Che squadra è, oggi, la nostra Nazionale?
È una squadra in cambiamento. Alcuni senatori hanno mollato e al posto loro ci sono dei ragazzi giovani che, però, hanno già vinto una competizione importante come un Europeo e hanno anche assaporato una sconfitta dura, come l'esclusione dal Mondiale. Di sicuro si tratta di una esperienza che servirà loro per imparare a non mollare. Bisogna ripartire da questo e dal famoso proposito di dare molte più opportunità, molte più chances, ai giovani, di mettersi in mostra. E non lo dico perché non ci siamo qualificati, ma perché è qualcosa di cui si parla da ormai più di dieci anni, ma che continuiamo a non mettere in pratica. Bisogna far giocare questi ragazzi, farli cadere se serve. Perché se vuoi arrivare a determinati livelli, devi avere anche l'opportunità di sbagliare.
Come arrivare a questo cambiamento?
Bisogna partire dai settori giovanili. Molti allenatori si lamentano del fatto che i giocatori non arrivano sufficientemente preparati in prima squadra. Bisogna che il coraggio di fare queste scelte parta dal basso, permettendo ai ragazzi di crescere fin da subito.
Si parla di ripescaggio per la Nazionale. Vale la pena essere ripescati, o come dicevi tu poco fa bisogna sbagliare e fare tesoro degli errori?

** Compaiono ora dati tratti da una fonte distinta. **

lemma triangular_family_spans:
  fixes e :: "nat \<Rightarrow> 'a::field poly"
  assumes e: "\<And>s. s < n \<Longrightarrow> degree (e s) = s \<and> e s \<noteq> 0" and h: "degree h < n"
  shows "\<exists>c. h = (\<Sum>s<n. smult (c s) (e s))"
  using assms
proof (induction n arbitrary: h)
  case 0
  then show ?case by simp
next
  case (Suc n)
  define a where "a = coeff h n / lead_coeff (e n)"
  define h' where "h' = h - smult a (e n)"
  have en: "degree (e n) = n" "e n \<noteq> 0"
    using Suc.prems(1) by auto
  have "coeff (e n) n = lead_coeff (e n)"
    using en(1) by simp
  moreover have "lead_coeff (e n) \<noteq> 0"
    using en(2) by simp
  ultimately have "coeff h' n = 0"
    by (simp add: h'_def a_def)
  moreover have "degree h' \<le> n"
    unfolding h'_def using Suc.prems(2) en
    by (intro degree_diff_le) (auto intro: order.trans[OF degree_smult_le])
  ultimately have "h' = 0 \<or> degree h' < n"
    using leading_coeff_0_iff[of h'] by (cases "degree h' = n") simp_all
  then obtain c where c: "h' = (\<Sum>s<n. smult (c s) (e s))"
  proof
    assume "h' = 0"
    then show ?thesis
      using that[of "\<lambda>_. 0"] by simp
  next
    assume "degree h' < n"
    then have "\<exists>c. h' = (\<Sum>s<n. smult (c s) (e s))"
      by (intro Suc.IH) (use Suc.prems(1) in simp_all)
    then show ?thesis
      using that by blast
  qed
  have "(\<Sum>s<n. smult ((c(n := a)) s) (e s)) = h'"
    unfolding c by (rule sum.cong) simp_all
  then have "h = (\<Sum>s<Suc n. smult ((c(n := a)) s) (e s))"
    by (simp add: h'_def)
  then show ?case
    by blast
qed

lemma triangular_family_independent:
  fixes e :: "nat \<Rightarrow> 'a::field poly"
  assumes e: "\<And>s. s < n \<Longrightarrow> degree (e s) = s \<and> e s \<noteq> 0"
    and zero: "(\<Sum>s<n. smult (c s) (e s)) = 0" and "s < n"
  shows "c s = 0"
  using assms
proof (induction n arbitrary: s)
  case 0
  then show ?case by simp
next
  case (Suc n)
  have en: "degree (e n) = n" "e n \<noteq> 0"
    using Suc.prems(1) by auto
  have "coeff (\<Sum>s<n. smult (c s) (e s)) n = 0"
    using Suc.prems(1) by (simp add: coeff_sum coeff_eq_0)
  moreover have "coeff (\<Sum>s<Suc n. smult (c s) (e s)) n =
      coeff (\<Sum>s<n. smult (c s) (e s)) n + c n * coeff (e n) n"
    by (simp only: sum.lessThan_Suc coeff_add coeff_smult)
  moreover have "coeff (\<Sum>s<Suc n. smult (c s) (e s)) n = 0"
    by (simp only: Suc.prems(2) coeff_0)
  ultimately have "c n * lead_coeff (e n) = 0"
    using en(1) by simp
  then have cn: "c n = 0"
    using en(2) by simp
  then have "(\<Sum>s<n. smult (c s) (e s)) = 0"
    using Suc.prems(2) by simp
  then show ?case
    using Suc cn by (cases "s = n") auto
qed

lemma poly_op_in_span_triangular:
  fixes e :: "nat \<Rightarrow> 'a::field poly"
  assumes f: "linear_op f" and e: "\<And>s. s < n \<Longrightarrow> degree (e s) = s \<and> e s \<noteq> 0"
    and "degree h < n"
  shows "poly_op h f v \<in> vec.span ((\<lambda>s. poly_op (e s) f v) ` {..<n})"
proof -
  obtain c where "h = (\<Sum>s<n. smult (c s) (e s))"
    using triangular_family_spans[OF e \<open>degree h < n\<close>] by blast
  then have "poly_op h f v = (\<Sum>s<n. c s *s poly_op (e s) f v)"
    by (simp add: poly_op_sum[OF f] poly_op_smult[OF f])
  also have "\<dots> \<in> vec.span ((\<lambda>s. poly_op (e s) f v) ` {..<n})"
    by (intro vec.span_sum vec.span_scale vec.span_base) simp
  finally show ?thesis .
qed

section \<open>Cyclic subspaces\<close>

definition invariant_subspace :: "('a::field ^ 'n \<Rightarrow> 'a ^ 'n) \<Rightarrow> ('a ^ 'n) set \<Rightarrow> bool" where
  "invariant_subspace f W \<longleftrightarrow> vec.subspace W \<and> f ` W \<subseteq> W"

lemma poly_op_in_invariant_subspace:
  assumes f: "linear_op f" and W: "invariant_subspace f W" and x: "x \<in> W"
  shows "poly_op p f x \<in> W"
proof (induction p rule: pCons_induct)
  case 0
  then show ?case
    using W by (simp add: invariant_subspace_def vec.subspace_0)
next
  case (pCons a p)
  then show ?case
    using W x by (auto simp: invariant_subspace_def poly_op_pCons[OF f]
        intro!: vec.subspace_add vec.subspace_scale)
qed

lemma independent_family_if_scalars_zero:
  fixes b :: "nat \<Rightarrow> 'a::field ^ 'n"
  assumes zero: "\<And>c s. (\<Sum>s<n. c s *s b s) = 0 \<Longrightarrow> s < n \<Longrightarrow> c s = 0"
  shows "inj_on b {..<n}" and "vec.independent (b ` {..<n})"
proof -
  show inj: "inj_on b {..<n}"
  proof (rule inj_onI, rule ccontr)
    fix s t assume st: "s \<in> {..<n}" "t \<in> {..<n}" "b s = b t" "s \<noteq> t"
    define c where "c i = (if i = s then 1 else 0) - (if i = t then 1 else 0 :: 'a)" for i
    have "c i *s b i = (if i = s then b i else 0) - (if i = t then b i else 0)" for i
      by (simp add: c_def vector_sub_rdistrib)
    then have "(\<Sum>i<n. c i *s b i) = b s - b t"
      using st by (simp add: sum_subtractf)
    then have "c s = 0"
      using zero st by simp
    then show False
      using st by (simp add: c_def)
  qed
  show "vec.independent (b ` {..<n})"
  proof (rule vec.independent_if_scalars_zero)
    fix c x assume "(\<Sum>x\<in>b ` {..<n}. c x *s x) = 0" "x \<in> b ` {..<n}"
    then show "c x = 0"
      using zero[of "c \<circ> b"] by (auto simp: sum.reindex[OF inj])
  qed simp
qed

definition cyclic_subspace :: "('a::field ^ 'n \<Rightarrow> 'a ^ 'n) \<Rightarrow> 'a ^ 'n \<Rightarrow> ('a ^ 'n) set" where
  "cyclic_subspace f v = range (\<lambda>h. poly_op h f v)"

definition minimal_annihilator :: "('a::field ^ 'n \<Rightarrow> 'a ^ 'n) \<Rightarrow> 'a ^ 'n \<Rightarrow> 'a poly \<Rightarrow> bool" where
  "minimal_annihilator f v p \<longleftrightarrow>
     p \<noteq> 0 \<and> poly_op p f v = 0 \<and> (\<forall>h. h \<noteq> 0 \<longrightarrow> degree h < degree p \<longrightarrow> poly_op h f v \<noteq> 0)"

lemma cyclic_subspace_generator: "linear_op f \<Longrightarrow> v \<in> cyclic_subspace f v"
  using range_eqI[of v "\<lambda>h. poly_op h f v" 1] by (simp add: cyclic_subspace_def)

lemma invariant_cyclic_subspace:
  assumes f: "linear_op f"
  shows "invariant_subspace f (cyclic_subspace f v)"
  unfolding invariant_subspace_def vec.subspace_def cyclic_subspace_def
proof (intro conjI ballI allI subsetI)
  show "0 \<in> range (\<lambda>h. poly_op h f v)"
    by (rule range_eqI[of _ _ 0]) simp
  fix x y assume "x \<in> range (\<lambda>h. poly_op h f v)" "y \<in> range (\<lambda>h. poly_op h f v)"
  then obtain g h where x: "x = poly_op g f v" and y: "y = poly_op h f v"
    by blast
  show "x + y \<in> range (\<lambda>h. poly_op h f v)"
    using poly_op_add[OF f, of g h v] x y by (intro range_eqI[of _ _ "g + h"]) simp
  show "c *s x \<in> range (\<lambda>h. poly_op h f v)" for c
    using poly_op_smult[OF f, of c g v] x by (intro range_eqI[of _ _ "smult c g"]) simp
next
  fix y assume "y \<in> f ` range (\<lambda>h. poly_op h f v)"
  then obtain h where "y = f (poly_op h f v)"
    by blast
  then show "y \<in> range (\<lambda>h. poly_op h f v)"
    using poly_op_X_mult[OF f, of h v] by (intro range_eqI[of _ _ "[:0, 1:] * h"]) simp
qed

lemma cyclic_subspace_trivial:
  assumes f: "linear_op f" and p: "minimal_annihilator f v p" and "degree p = 0"
  shows "cyclic_subspace f v = {0}"
proof -
  have "p = [:coeff p 0:]" "coeff p 0 \<noteq> 0"
    using p \<open>degree p = 0\<close> by (auto simp: minimal_annihilator_def elim: degree_eq_zeroE)
  then have "v = 0"
    using p by (metis minimal_annihilator_def poly_op_0 poly_op_pCons[OF f] vector_mul_eq_0
        vec.linear_0[OF f] add.right_neutral)
  then show ?thesis
    using vec.linear_0[OF linear_poly_op[OF f]] by (auto simp: cyclic_subspace_def)
qed

lemma cyclic_subspace_low_degree:
  assumes f: "linear_op f" and p: "minimal_annihilator f v p" and "0 < degree p"
    and z: "z \<in> cyclic_subspace f v"
  obtains h where "degree h < degree p" and "z = poly_op h f v"
proof -
  obtain h where z: "z = poly_op h f v"
    using z by (auto simp: cyclic_subspace_def)
  have "poly_op h f v = poly_op (h div p * p + h mod p) f v"
    by simp
  also have "\<dots> = poly_op (h mod p) f v"
    using p vec.linear_0[OF linear_poly_op[OF f]]
    by (simp only: poly_op_add[OF f] poly_op_mult[OF f] minimal_annihilator_def) simp
  finally have "z = poly_op (h mod p) f v"
    using z by simp
  moreover have "degree (h mod p) < degree p"
    using degree_mod_less[of p h] p \<open>0 < degree p\<close>
    by (cases "h mod p = 0") (auto simp: minimal_annihilator_def)
  ultimately show ?thesis
    using that by blast
qed

lemma cyclic_subspace_basis:
  fixes e :: "nat \<Rightarrow> 'a::field poly"
  assumes f: "linear_op f" and p: "minimal_annihilator f v p" and "0 < degree p"
    and e: "\<And>s. s < degree p \<Longrightarrow> degree (e s) = s \<and> e s \<noteq> 0"
  defines "b \<equiv> \<lambda>s. poly_op (e s) f v"
  shows "inj_on b {..<degree p}" and "vec.independent (b ` {..<degree p})"
    and "vec.span (b ` {..<degree p}) = cyclic_subspace f v"
proof -
  have comb: "(\<Sum>s<n. c s *s b s) = poly_op (\<Sum>s<n. smult (c s) (e s)) f v" for c n
    by (simp add: b_def poly_op_sum[OF f] poly_op_smult[OF f])
  have "c s = 0" if "(\<Sum>s<degree p. c s *s b s) = 0" "s < degree p" for c s
  proof -
    have "degree (\<Sum>s<degree p. smult (c s) (e s)) < degree p"
      using e that(2)
      by (intro degree_sum_less) (auto intro: le_less_trans[OF degree_smult_le])
    then have "(\<Sum>s<degree p. smult (c s) (e s)) = 0"
      using p that(1) comb unfolding minimal_annihilator_def by metis
    then show ?thesis
      using triangular_family_independent[OF e] that(2) by blast
  qed
  then show "inj_on b {..<degree p}" and "vec.independent (b ` {..<degree p})"
    using independent_family_if_scalars_zero by blast+
  show "vec.span (b ` {..<degree p}) = cyclic_subspace f v"
  proof
    have "b ` {..<degree p} \<subseteq> cyclic_subspace f v"
      by (auto simp: b_def cyclic_subspace_def)
    then show "vec.span (b ` {..<degree p}) \<subseteq> cyclic_subspace f v"
      using invariant_cyclic_subspace[OF f]
      by (intro vec.span_minimal) (auto simp: invariant_subspace_def)
  next
    show "cyclic_subspace f v \<subseteq> vec.span (b ` {..<degree p})"
    proof
      fix x assume "x \<in> cyclic_subspace f v"
      then obtain h where "degree h < degree p" and "x = poly_op h f v"
        using cyclic_subspace_low_degree[OF f p \<open>0 < degree p\<close>] by blast
      then show "x \<in> vec.span (b ` {..<degree p})"
        unfolding b_def using poly_op_in_span_triangular[OF f e] by blast
    qed
  qed
qed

Credo sia sbagliato parlare di ripescaggio. È necessario prendere atto del proprio fallimentio, perché oggettivamente è un fallimento non essere arrivati al Mondiale. Nello stesso tempo, però, è anche sbagliato il sistema in cui, chi vince un Europeo, chi vince la Coppa America, chi vince queste grandi competizioni non ha il diritto di giocare il Mondiale. Cambierei soltanto questa formula, ma... se non ci si è qualificati, non ci si è qualificati!